If the former receivers of Hastie Services continue resisting Henry Carr and his FEG Recovery Team to the point where their dispute goes to hearing then the insolvency profession at large might derive some benefit, at least in terms of clarity on currently clouded questions as to costs. (Apologies for the absence of an alliteration alert).
Carr and his recovery team are adamant that the McGrathNicol four – Joe Hayes (now ex-MN), Peter Anderson, Jason Preston and Matthew Caddy – have been remiss in excluding the Commonwealth from any of the millions in distributions they’ve paid to their appointor since Hastie’s lending syndicate appointed them receivers of the failed construction group in May 2012.
The FEG Recovery Unit is chasing approx $3 million in advances it made to the receivers between May 2013 and September 2014 and one might speculate that Carr and Co are finding it difficult to accept the McGrathNicol position, which is that their legal advice is sound and they are in no way required to divert any of their recoveries FEG’s way.
That position however relied to an extent on principles recently overturned in Victoria by that state’s Supreme Court of appeal in the Amerind decision, principles which may well be further weakened after the Federal Court of Appeal hands down its decision in Killarnee Civil & Concrete Contractors later today.
As an aside it should also be noted that the now ex-receivers have been relying on advice from Minter Ellison’s insolvency guru Michael Hughes, who was also the Hastie lending syndicate’s key adviser.
In his presentation to Traill & Associates Practical Insolvency Conference on Monday, Carr indicated that if the issues in dispute go to hearing, there could be benefit regardless of which party wins.
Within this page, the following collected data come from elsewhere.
(* Let $(X,d)$ be a compact metric space and $F:X\to 2^X$ a set-valued map which is open, onto and continuous. Then $F$ has the shadowing property if and only if $F^{-1}$ has the shadowing property.
   Context: $2^X$ is the family of nonempty compact subsets of $X$. A set-valued map $F$ is upper semicontinuous if for every $x$ and open $U\supset F(x)$ there is a neighborhood $V$ of $x$ with $F(y)\subset U$ for $y\in V$; lower semicontinuous if for every $x$ and open $U$ with $F(x)\cap U\ne\emptyset$ there is a neighborhood $V$ of $x$ with $F(y)\cap U\neq\emptyset$ for $y\in V$; continuous if both. $F$ is open if $F(U)=\bigcup_{u\in U}F(u)$ is open for every open $U$. $F$ is onto if every $y\in X$ lies in some $F(x)$; then $F^{-1}(y)=\{x:y\in F(x)\}$. For a set-valued map $G$, a $\delta$-pseudo-orbit is a sequence $\{x_n\}_{n\ge0}$ with $d(x_{n+1},G(x_n))<\delta$ for all $n$; a $G$-orbit is $(y_n)$ with $y_{n+1}\in G(y_n)$; $G$ has the shadowing property if for every $\varepsilon>0$ there is $\delta>0$ such that every $\delta$-pseudo-orbit $\{x_n\}$ admits a $G$-orbit $(y_n)$ with $d(x_n,y_n)<\varepsilon$ for all $n$. *)

theory Defs
  imports "HOL-Analysis.Analysis"
begin

text \<open>The ambient compact metric space is a set X in a metric space type, with the
subspace topology. A set-valued map is a function F :: 'a => 'a set; values are
only relevant at points of X.\<close>

definition sv_map_into :: "'a::metric_space set \<Rightarrow> ('a \<Rightarrow> 'a set) \<Rightarrow> bool" where
  "sv_map_into X F \<longleftrightarrow> (\<forall>x\<in>X. F x \<noteq> {} \<and> compact (F x) \<and> F x \<subseteq> X)"

definition usc_on :: "'a::metric_space set \<Rightarrow> ('a \<Rightarrow> 'a set) \<Rightarrow> bool" where
  "usc_on X F \<longleftrightarrow> (\<forall>x\<in>X. \<forall>U. openin (top_of_set X) U \<and> F x \<subseteq> U \<longrightarrow>
      (\<exists>V. openin (top_of_set X) V \<and> x \<in> V \<and> (\<forall>y\<in>V. F y \<subseteq> U)))"

definition lsc_on :: "'a::metric_space set \<Rightarrow> ('a \<Rightarrow> 'a set) \<Rightarrow> bool" where
  "lsc_on X F \<longleftrightarrow> (\<forall>x\<in>X. \<forall>U. openin (top_of_set X) U \<and> F x \<inter> U \<noteq> {} \<longrightarrow>
      (\<exists>V. openin (top_of_set X) V \<and> x \<in> V \<and> (\<forall>y\<in>V. F y \<inter> U \<noteq> {})))"

definition sv_continuous_on :: "'a::metric_space set \<Rightarrow> ('a \<Rightarrow> 'a set) \<Rightarrow> bool" where
  "sv_continuous_on X F \<longleftrightarrow> usc_on X F \<and> lsc_on X F"

definition sv_open_map :: "'a::metric_space set \<Rightarrow> ('a \<Rightarrow> 'a set) \<Rightarrow> bool" where
  "sv_open_map X F \<longleftrightarrow> (\<forall>U. openin (top_of_set X) U \<longrightarrow> openin (top_of_set X) (\<Union>u\<in>U. F u))"

definition sv_onto :: "'a::metric_space set \<Rightarrow> ('a \<Rightarrow> 'a set) \<Rightarrow> bool" where
  "sv_onto X F \<longleftrightarrow> (\<forall>y\<in>X. \<exists>x\<in>X. y \<in> F x)"

definition sv_inverse :: "'a set \<Rightarrow> ('a \<Rightarrow> 'a set) \<Rightarrow> 'a \<Rightarrow> 'a set" where
  "sv_inverse X F y = {x\<in>X. y \<in> F x}"

definition pseudo_orbit :: "'a::metric_space set \<Rightarrow> ('a \<Rightarrow> 'a set) \<Rightarrow> real \<Rightarrow> (nat \<Rightarrow> 'a) \<Rightarrow> bool" where
  "pseudo_orbit X G \<delta> xs \<longleftrightarrow> (\<forall>n. xs n \<in> X) \<and> (\<forall>n. infdist (xs (Suc n)) (G (xs n)) < \<delta>)"
lemma (in prob_space) integral_indep_freeze:
  fixes \<phi> :: "'e \<Rightarrow> 't \<Rightarrow> real"
  assumes sub: "subalgebra M F" and S: "prob_space S"
    and xi: "xi \<in> measurable M S" and law: "distr M S xi = S"
    and V: "V \<in> measurable F T"
    and indep: "indep_set (sigma_sets (space M) {xi -` A \<inter> space M | A. A \<in> sets S}) (sets F)"
    and \<phi>: "(\<lambda>(e, w). \<phi> e w) \<in> borel_measurable (S \<Otimes>\<^sub>M T)"
    and int: "integrable M (\<lambda>\<omega>. \<phi> (xi \<omega>) (V \<omega>))"
  shows "(\<integral>\<omega>. \<phi> (xi \<omega>) (V \<omega>) \<partial>M) = (\<integral>\<omega>. (\<integral>e. \<phi> e (V \<omega>) \<partial>S) \<partial>M)"
proof -
  interpret S: prob_space S by fact
  have VM [measurable]: "V \<in> measurable M T" by (rule measurable_from_subalg[OF sub V])
  note [measurable] = xi \<phi>
  define \<nu> where "\<nu> = distr M T V"
  interpret \<nu>: prob_space \<nu> unfolding \<nu>_def by (rule prob_space_distr[OF VM])
  interpret S\<nu>: pair_sigma_finite S \<nu> ..
  have "space F = space M" using sub by (simp add: subalgebra_def)
  have joint: "S \<Otimes>\<^sub>M \<nu> = distr M (S \<Otimes>\<^sub>M T) (\<lambda>\<omega>. (xi \<omega>, V \<omega>))"
  proof (rule pair_measure_eqI)
    show "sigma_finite_measure S" "sigma_finite_measure \<nu>" ..
    show "sets (S \<Otimes>\<^sub>M \<nu>) = sets (distr M (S \<Otimes>\<^sub>M T) (\<lambda>\<omega>. (xi \<omega>, V \<omega>)))"
      by (simp add: \<nu>_def cong: sets_pair_measure_cong)
    fix X Y assume X: "X \<in> sets S" and "Y \<in> sets \<nu>"
    then have Y: "Y \<in> sets T" by (simp add: \<nu>_def)
    have "xi -` X \<inter> space M \<in> sigma_sets (space M) {xi -` A \<inter> space M | A. A \<in> sets S}"
      using X by blast
    moreover have "V -` Y \<inter> space M \<in> sets F"
      using measurable_sets[OF V Y] \<open>space F = space M\<close> by simp
    ultimately have "prob ((xi -` X \<inter> space M) \<inter> (V -` Y \<inter> space M))
        = prob (xi -` X \<inter> space M) * prob (V -` Y \<inter> space M)"
      by (rule indep_setD[OF indep])
    moreover have "(\<lambda>\<omega>. (xi \<omega>, V \<omega>)) -` (X \<times> Y) \<inter> space M = (xi -` X \<inter> space M) \<inter> (V -` Y \<inter> space M)"
      by auto
    moreover have "emeasure S X = emeasure M (xi -` X \<inter> space M)"
      using X by (subst law[symmetric], subst emeasure_distr) auto
    ultimately show "emeasure S X * emeasure \<nu> Y = emeasure (distr M (S \<Otimes>\<^sub>M T) (\<lambda>\<omega>. (xi \<omega>, V \<omega>))) (X \<times> Y)"
      using X Y by (simp add: \<nu>_def emeasure_distr emeasure_eq_measure ennreal_mult'')
  qed
  have inner [measurable]: "(\<lambda>w. \<integral>e. \<phi> e w \<partial>S) \<in> borel_measurable T"
    using measurable_pair_swap[OF \<phi>] by (intro S.borel_measurable_lebesgue_integral) (simp add: case_prod_beta)
  have "integrable (S \<Otimes>\<^sub>M \<nu>) (\<lambda>(e, w). \<phi> e w)"
    unfolding joint using int by (subst integrable_distr_eq) auto
  then have "(\<integral>\<omega>. \<phi> (xi \<omega>) (V \<omega>) \<partial>M) = (\<integral>w. (\<integral>e. \<phi> e w \<partial>S) \<partial>\<nu>)"
    using integral_distr[of "\<lambda>\<omega>. (xi \<omega>, V \<omega>)" M "S \<Otimes>\<^sub>M T" "\<lambda>(e, w). \<phi> e w"]
    by (simp add: S\<nu>.integral_snd joint)
  also have "\<dots> = (\<integral>\<omega>. (\<integral>e. \<phi> e (V \<omega>) \<partial>S) \<partial>M)"
    unfolding \<nu>_def by (rule integral_distr[OF VM inner])
  finally show ?thesis .
qed
lemma plus_linear_multiples_eq:
  fixes S :: "'k::field poly set"
  assumes zero: "0 \<in> S" and smult: "\<And>A c. A \<in> S \<Longrightarrow> smult c A \<in> S"
  shows "{A + [:l, 1:] * q | A q. A \<in> S} =
    (if \<forall>A \<in> S. poly A (-l) = 0 then {p. poly p (-l) = 0} else UNIV)"
proof -
  have linear_multiple: "\<exists>q. p = [:l, 1:] * q" if "poly p (-l) = 0" for p
    using that poly_eq_0_iff_dvd[of p "-l"] by (metis dvdE minus_minus)
  show ?thesis
  proof (cases "\<forall>A \<in> S. poly A (-l) = 0")
    case True
    have "{A + [:l, 1:] * q | A q. A \<in> S} = {p. poly p (-l) = 0}"
    proof (intro set_eqI iffI)
      fix p assume "p \<in> {A + [:l, 1:] * q | A q. A \<in> S}"
      then show "p \<in> {p. poly p (-l) = 0}" using True by auto
    next
      fix p assume "p \<in> {p. poly p (-l) = 0}"
      then obtain q where "p = 0 + [:l, 1:] * q" using linear_multiple by auto
      then show "p \<in> {A + [:l, 1:] * q | A q. A \<in> S}" using zero by blast
    qed
    then show ?thesis unfolding if_P[OF True] .
  next
    case False
    then obtain A0 where A0: "A0 \<in> S" "poly A0 (-l) \<noteq> 0" by blast
    have "p \<in> {A + [:l, 1:] * q | A q. A \<in> S}" for p
    proof -
      define A where "A = smult (poly p (-l) / poly A0 (-l)) A0"
      have "A \<in> S" unfolding A_def using smult[OF A0(1)] .
      moreover have "poly (p - A) (-l) = 0" unfolding A_def using A0(2) by simp
      then obtain q where "p - A = [:l, 1:] * q" using linear_multiple by blast
      then have "p = A + [:l, 1:] * q" by (simp add: algebra_simps)
      ultimately show ?thesis by blast
    qed
    then have "UNIV = {A + [:l, 1:] * q | A q. A \<in> S}" by (rule UNIV_eq_I)
    then show ?thesis unfolding if_not_P[OF False] by (rule sym)
  qed
qed

lemma ideal_comp_snoc_zplus:
  "ideal_comp \<alpha> (gens @ [el_zplus l]) n =
     (if \<forall>g \<in> set gens. poly (hprod \<alpha> (fst g) (snd g) (n - fst g) 1) (-l) = 0
      then {p. poly p (-l) = 0} else UNIV)"
proof -
  have "ideal_comp \<alpha> (gens @ [el_zplus l]) n = {A + [:l, 1:] * q | A q. A \<in> ideal_comp \<alpha> gens n}"
    unfolding ideal_comp_snoc el_zplus_def by (simp only: fst_conv snd_conv diff_0_right hprod_degree_zero_left)
  also have "\<dots> = (if \<forall>A \<in> ideal_comp \<alpha> gens n. poly A (-l) = 0 then {p. poly p (-l) = 0} else UNIV)"
    by (rule plus_linear_multiples_eq[OF zero_in_ideal_comp smult_in_ideal_comp])
  finally show ?thesis unfolding ideal_comp_vanishes_iff .
qed

lemma self_in_coset: "p \<in> coset \<alpha> gens n p"
  unfolding coset_def using zero_in_ideal_comp[of \<alpha> gens n] by fastforce

lemma coset_subset:
  assumes "p - q \<in> ideal_comp \<alpha> gens n"
  shows "coset \<alpha> gens n p \<subseteq> coset \<alpha> gens n q"
proof
  fix x assume "x \<in> coset \<alpha> gens n p"
  then obtain r where r: "r \<in> ideal_comp \<alpha> gens n" "x = p + r" unfolding coset_def by blast
  then have "x = q + ((p - q) + r)" by simp
  then show "x \<in> coset \<alpha> gens n q"
    unfolding coset_def using add_in_ideal_comp[OF assms r(1)] by blast
qed

lemma coset_eq_iff: "coset \<alpha> gens n p = coset \<alpha> gens n q \<longleftrightarrow> p - q \<in> ideal_comp \<alpha> gens n"
proof
  assume "coset \<alpha> gens n p = coset \<alpha> gens n q"
  then have "p \<in> coset \<alpha> gens n q" using self_in_coset by metis
  then obtain r where "r \<in> ideal_comp \<alpha> gens n" "p = q + r" unfolding coset_def by blast
  then show "p - q \<in> ideal_comp \<alpha> gens n" by simp
next
  assume pq: "p - q \<in> ideal_comp \<alpha> gens n"
  then have "q - p \<in> ideal_comp \<alpha> gens n"
    using diff_in_ideal_comp[OF zero_in_ideal_comp pq] by simp
  then have "coset \<alpha> gens n q \<subseteq> coset \<alpha> gens n p" by (rule coset_subset)
  with coset_subset[OF pq] show "coset \<alpha> gens n p = coset \<alpha> gens n q" by (rule subset_antisym)
qed

lemma rep_coset_diff: "rep (coset \<alpha> gens n p) - p \<in> ideal_comp \<alpha> gens n"
proof -
  have "rep (coset \<alpha> gens n p) \<in> coset \<alpha> gens n p"
    unfolding rep_def using self_in_coset by (rule someI)
  then show ?thesis unfolding coset_def by auto
qed

lemma quot_mod_simps [simp]:
  "gcarr (quot_mod \<alpha> gens) n = {coset \<alpha> gens n p | p. True}"
  "gzero (quot_mod \<alpha> gens) n = ideal_comp \<alpha> gens n"
  "gadd (quot_mod \<alpha> gens) n a b = coset \<alpha> gens n (rep a + rep b)"
  "gsmul (quot_mod \<alpha> gens) n c a = coset \<alpha> gens n (smult c (rep a))"
  "gact (quot_mod \<alpha> gens) n a e q = coset \<alpha> gens (n + e) (hprod \<alpha> n (rep a) e q)"
  by (simp_all add: quot_mod_def)

lemma gadd_quot_mod_coset:
  "gadd (quot_mod \<alpha> gens) n (coset \<alpha> gens n p) (coset \<alpha> gens n q) = coset \<alpha> gens n (p + q)"
proof -
  let ?r = "\<lambda>p. rep (coset \<alpha> gens n p)"
  have "(?r p + ?r q) - (p + q) = (?r p - p) + (?r q - q)" by simp
  then have "(?r p + ?r q) - (p + q) \<in> ideal_comp \<alpha> gens n"
    using add_in_ideal_comp[OF rep_coset_diff rep_coset_diff] by metis
  then show ?thesis unfolding quot_mod_simps coset_eq_iff .
qed

lemma gsmul_quot_mod_coset:
  "gsmul (quot_mod \<alpha> gens) n c (coset \<alpha> gens n p) = coset \<alpha> gens n (smult c p)"
proof -
  have "smult c (rep (coset \<alpha> gens n p)) - smult c p = smult c (rep (coset \<alpha> gens n p) - p)"
    by (simp add: smult_diff_right)
  then have "smult c (rep (coset \<alpha> gens n p)) - smult c p \<in> ideal_comp \<alpha> gens n"
    using smult_in_ideal_comp[OF rep_coset_diff] by metis
  then show ?thesis unfolding quot_mod_simps coset_eq_iff .
qed

lemma gact_quot_mod_coset:
  assumes "\<And>r. r \<in> ideal_comp \<alpha> gens n \<Longrightarrow> hprod \<alpha> n r e q \<in> ideal_comp \<alpha> gens (n + e)"
  shows "gact (quot_mod \<alpha> gens) n (coset \<alpha> gens n p) e q = coset \<alpha> gens (n + e) (hprod \<alpha> n p e q)"
  unfolding quot_mod_simps coset_eq_iff hprod_diff_left[symmetric] using assms rep_coset_diff .

lemma gshift_simps [simp]:
  "gcarr (gshift s Q) j = gcarr Q (j - s)" "gzero (gshift s Q) j = gzero Q (j - s)"
  "gadd (gshift s Q) j = gadd Q (j - s)" "gsmul (gshift s Q) j = gsmul Q (j - s)"
  "gact (gshift s Q) j = gact Q (j - s)"
  by (simp_all add: gshift_def)

lemma gshift_0 [simp]: "gshift 0 Q = Q"
  by (cases Q) (simp add: gshift_def)

lemma gshift_gshift [simp]: "gshift n (gshift s Q) = gshift (n + s) Q"
  by (simp add: gshift_def algebra_simps)

lemma ideal_comp_x_type:
  assumes root: "poly (fpoly \<alpha>) (-l) = 0"
    and below: "\<And>i. i < 0 \<Longrightarrow> poly (fpoly \<alpha>) (-l + of_int i) \<noteq> 0"
  shows "ideal_comp \<alpha> [el_x, el_zplus l] n = weight_ideal \<alpha> (-l) n"
proof -
  have "ideal_comp \<alpha> [el_x, el_zplus l] n = (if n \<le> 0 then {p. poly p (-l) = 0} else UNIV)"
    using ideal_comp_snoc_zplus[of \<alpha> "[el_x]" l n] root by (simp add: el_x_def poly_wprod_x del: poly_fpoly)
  then show ?thesis
    using nonvanishing_segment_iff_nonpos[OF root below] by (simp add: weight_ideal_def)
qed

lemma ideal_comp_y_type:
  assumes root: "poly (fpoly \<alpha>) (-l - 1) = 0"
    and above: "\<And>i. 0 \<le> i \<Longrightarrow> poly (fpoly \<alpha>) (-l + of_int i) \<noteq> 0"
  shows "ideal_comp \<alpha> [el_y, el_zplus l] n = weight_ideal \<alpha> (-l) n"
proof -
  have "ideal_comp \<alpha> [el_y, el_zplus l] n = (if 0 \<le> n then {p. poly p (-l) = 0} else UNIV)"
    using ideal_comp_snoc_zplus[of \<alpha> "[el_y]" l n] root
    by (simp add: el_y_def el_ypow_def poly_wprod_y del: poly_fpoly)
  then show ?thesis
    using nonvanishing_segment_iff_nonneg[of \<alpha> "-l"] root above by (simp add: weight_ideal_def)
qed

lemma ideal_comp_zplus:
  assumes "\<And>i. poly (fpoly \<alpha>) (-l + of_int i) \<noteq> 0"
  shows "ideal_comp \<alpha> [el_zplus l] n = weight_ideal \<alpha> (-l) n"
  using ideal_comp_snoc_zplus[of \<alpha> "[]" l n] nonvanishing_segment_everywhere[OF assms]
  by (simp add: weight_ideal_def)

lemma ideal_comp_z_type:
  assumes a: "0 < a"
  shows "ideal_comp (of_nat a :: 'k::field_char_0) [el_ypow a, el_x, el_zplus 0] n =
    weight_ideal (of_nat a) 0 n"
proof -
  let ?\<alpha> = "of_nat a :: 'k"
  have ypow: "poly (wprod ?\<alpha> (- int a) (n + int a)) 0 = 0 \<longleftrightarrow> 0 < n + int a"
  proof (cases "0 < n + int a")
    case True
    then have "int a \<in> {int a - min (int a) (n + int a) + 1 .. int a}" using a by auto
    moreover have "poly (fpoly ?\<alpha>) (- of_int (int a)) = 0" by simp
    ultimately have "(\<Prod>i \<in> {int a - min (int a) (n + int a) + 1 .. int a}. poly (fpoly ?\<alpha>) (- of_int i)) = 0"
      by (intro prod_zero) blast+
    then show ?thesis using True a by (simp add: wprod_def poly_prod del: poly_fpoly)
  qed (simp add: wprod_def)
  have "ideal_comp ?\<alpha> [el_ypow a, el_x, el_zplus 0] n =
      (if - int a < n \<and> n \<le> 0 then {p. poly p 0 = 0} else UNIV)"
    using ideal_comp_snoc_zplus[of ?\<alpha> "[el_ypow a, el_x]" 0 n] ypow
    by (simp add: el_ypow_def el_x_def poly_wprod_x)
  moreover have "nonvanishing_segment ?\<alpha> 0 n \<longleftrightarrow> 0 \<notin> {0..<n} \<union> {n..<0} \<and> - int a \<notin> {0..<n} \<union> {n..<0}"
    unfolding nonvanishing_segment_def add_0 fpoly_of_nat_root_iff by blast
  ultimately show ?thesis using a by (simp add: weight_ideal_def)
qed

(* Q is A modulo the annihilator of a weight vector of weight c, with the generator in degree s. *)
definition weight_cyclic_module :: "'k::field \<Rightarrow> int \<times> 'k \<Rightarrow> ('k, 'k poly set) gmod \<Rightarrow> bool" where
  "weight_cyclic_module \<alpha> g Q \<longleftrightarrow>
     (\<exists>gens. Q = gshift (fst g) (quot_mod \<alpha> gens) \<and> (\<forall>d. ideal_comp \<alpha> gens d = weight_ideal \<alpha> (snd g) d))"

lemma weight_cyclic_module_quot_mod:
  "(\<And>n. ideal_comp \<alpha> gens n = weight_ideal \<alpha> c n) \<Longrightarrow>
    weight_cyclic_module \<alpha> (s, c) (gshift s (quot_mod \<alpha> gens))"
  unfolding weight_cyclic_module_def by auto

lemma weight_cyclic_module_gshift:
  "weight_cyclic_module \<alpha> (s, c) Q \<Longrightarrow> weight_cyclic_module \<alpha> (n + s, c) (gshift n Q)"
  unfolding weight_cyclic_module_def by auto
lemma interaction_graph_and_net: "interaction_graph (and_net G a b) = G"
proof (intro set_eqI iffI)
  fix p
  assume "p \<in> interaction_graph (and_net G a b)"
  then obtain j i x where p: "p = (j, i)" and "and_net G a b x i \<noteq> and_net G a b (x(j := \<not> x j)) i"
    unfolding interaction_graph_def depends_on_def by blast
  then show "p \<in> G"
    unfolding and_net_def by (metis fun_upd_other)
next
  fix p
  assume G: "p \<in> G"
  obtain j i where p: "p = (j, i)"
    by fastforce
  \<comment> \<open>all literals of \<open>i\<close> true at \<open>x\<close>; flipping \<open>x j\<close> falsifies the literal on \<open>(j, i)\<close>\<close>
  define x where "x k \<longleftrightarrow> (k, i) \<noteq> (a, b)" for k
  have "and_net G a b x i" "\<not> and_net G a b (x(j := \<not> x j)) i"
    using G unfolding p and_net_def x_def by auto
  then show "p \<in> interaction_graph (and_net G a b)"
    unfolding p interaction_graph_def depends_on_def by auto
qed

lemma and_net_D: "and_net G a b x i \<Longrightarrow> (j, i) \<in> G - {(a, b)} \<Longrightarrow> x j"
  unfolding and_net_def by (metis DiffD1 DiffD2 singletonI)

lemma and_net_negated_arc_D: "and_net G a b x b \<Longrightarrow> (a, b) \<in> G \<Longrightarrow> \<not> x a"
  unfolding and_net_def by (metis (full_types))

lemma and_net_relpow_backwards:
  assumes H: "H \<subseteq> G - {(a, b)}" and walk: "(j, i) \<in> H ^^ k"
    and "(and_net G a b ^^ (t + k)) x i"
  shows "(and_net G a b ^^ t) x j"
  using walk assms(3)
proof (induction k arbitrary: i)
  case (Suc k)
  from Suc.prems(1) obtain y where jy: "(j, y) \<in> H ^^ k" and yi: "(y, i) \<in> H"
    by (rule relpow_Suc_E)
  have "and_net G a b ((and_net G a b ^^ (t + k)) x) i"
    using Suc.prems(2) by simp
  moreover have "(y, i) \<in> G - {(a, b)}"
    using yi H by blast
  ultimately have "(and_net G a b ^^ (t + k)) x y"
    by (rule and_net_D)
  with jy show ?case
    by (rule Suc.IH)
qed simp

lemma and_net_funpow_false:
  assumes H: "H \<subseteq> G - {(a, b)}" and ab: "(a, b) \<in> G"
    and E: "\<And>u v. (u, v) \<in> H ^^ E" and E': "\<And>u v. (u, v) \<in> H ^^ Suc E"
  shows "(and_net G a b ^^ Suc E) x = (\<lambda>_. False)"
proof
  fix i
  show "(and_net G a b ^^ Suc E) x i = False"
  proof (rule ccontr)
    assume "(and_net G a b ^^ Suc E) x i \<noteq> False"
    then have i: "(and_net G a b ^^ Suc E) x i"
      by simp
    have "(and_net G a b ^^ (1 + E)) x i"
      using i by simp
    then have "(and_net G a b ^^ 1) x b"
      by (rule and_net_relpow_backwards[OF H E[of b i]])
    then have "\<not> x a"
      using and_net_negated_arc_D[OF _ ab] by simp
    have "(and_net G a b ^^ (0 + Suc E)) x i"
      using i by simp
    then have "(and_net G a b ^^ 0) x a"
      by (rule and_net_relpow_backwards[OF H E'[of a i]])
    with \<open>\<not> x a\<close> show False
      by simp
  qed
qed

lemma nilpotent_atD:
  assumes "nilpotent_at f k"
  shows "nilpotent f" and "nil_class f \<le> k"
  using assms unfolding nilpotent_def nil_class_def by (blast, rule Least_le)

lemma Dulmage_Mendelsohn_bound_le:
  fixes n s :: nat
  assumes "1 \<le> s" and "s + 1 \<le> max 2 n"
  shows "(n - s) + (n - 1) * s + 1 \<le> n\<^sup>2 + 3 - 2 * n"
proof (cases "n \<le> 1")
  case True
  then have "s = 1"
    using assms by (simp add: max_def)
  from True consider "n = 0" | "n = 1"
    by linarith
  then show ?thesis
    using \<open>s = 1\<close> by cases simp_all
next
  case False
  define k where "k = n - 2"
  have n: "n = k + 2"
    using False unfolding k_def by simp
  then have "s \<le> k + 1"
    using assms(2) by simp
  then have "k * s \<le> k * (k + 1)"
    by (rule mult_le_mono2)
  moreover have "(n - s) + (n - 1) * s + 1 = k + 3 + k * s"
    using \<open>s \<le> k + 1\<close> unfolding n by (simp add: algebra_simps)
  moreover have "n\<^sup>2 + 3 - 2 * n = k * k + 2 * k + 3"
    unfolding n by (simp add: power2_eq_square algebra_simps)
  ultimately show ?thesis
    by (simp add: algebra_simps)
qed

theorem proposition7:
  fixes G :: "('v::finite \<times> 'v) set"
  assumes "\<exists>H. H \<subset> G \<and> primitive H"
  shows "\<exists>f :: ('v \<Rightarrow> bool) \<Rightarrow> ('v \<Rightarrow> bool).
           admits G f \<and> nilpotent f \<and>
           nil_class f \<le> (CARD('v))\<^sup>2 + 3 - 2 * CARD('v)"
proof -
  obtain H where "H \<subset> G" and prim: "primitive H"
    using assms by blast
  then obtain a b where ab: "(a, b) \<in> G" and "(a, b) \<notin> H"
    by auto
  with \<open>H \<subset> G\<close> have H: "H \<subseteq> G - {(a, b)}"
    by blast
  obtain s where s: "s \<in> cycle_lengths H" and short: "s + 1 \<le> max 2 CARD('v)"
    using primitive_short_cycle[OF prim] by blast
  define E where "E = (CARD('v) - s) + (CARD('v) - 1) * s"
  have walk: "(u, v) \<in> H ^^ m" if "E \<le> m" for u v m
    using primitive_relpow_complete[OF prim s] that unfolding E_def .
  have nil: "nilpotent_at (and_net G a b) (Suc E)"
    unfolding nilpotent_at_def
    using and_net_funpow_false[OF H ab walk[OF order_refl] walk[OF le_SucI[OF order_refl]]] by blast
  have "1 \<le> s"
    using s unfolding cycle_lengths_def by blast
  then have bound: "Suc E \<le> (CARD('v))\<^sup>2 + 3 - 2 * CARD('v)"
    using Dulmage_Mendelsohn_bound_le[OF _ short] unfolding E_def by simp
  show ?thesis
  proof (intro exI conjI)
    show "admits G (and_net G a b)"
      unfolding admits_def by (rule interaction_graph_and_net)
    show "nilpotent (and_net G a b)"
      using nil by (rule nilpotent_atD(1))
    show "nil_class (and_net G a b) \<le> (CARD('v))\<^sup>2 + 3 - 2 * CARD('v)"
      using nilpotent_atD(2)[OF nil] bound by (rule order_trans)
  qed
qed

end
Afterwards, SiN asked him to clarify the comments.
“We are expecting that the Hastie matter will provide guidance around section 433 and the obligations of Receivers when trading on a business as to precisely which of the Receiver’s costs can be allocated against the proceeds derived from the realisation of circulating assets,” Carr said.
“That is to say whether a Receiver’s remuneration, costs and expenses are limited to those reasonably and exclusively incurred in connection with the care, preservation and realisation of those assets, in accordance with the principle espoused by Dixon J in Re Universal Distributing Company Ltd.”
A look at the receivers’ Form 524 from the time of their appointment indicates that they had $41 million in pre-appointment debtors at their disposal.
That of course does not necessarily have any bearing on the advice that has led to this dispute, which SiN likes to think of as a proxy war for the real contest between Hughes and Carr.
Another point to ponder is that according to the Federal Court file, FEG launched interlocutory proceedings in the Federal Court on March 8 and we should soon be able to reveal the nature of this skirmish within the wider battle.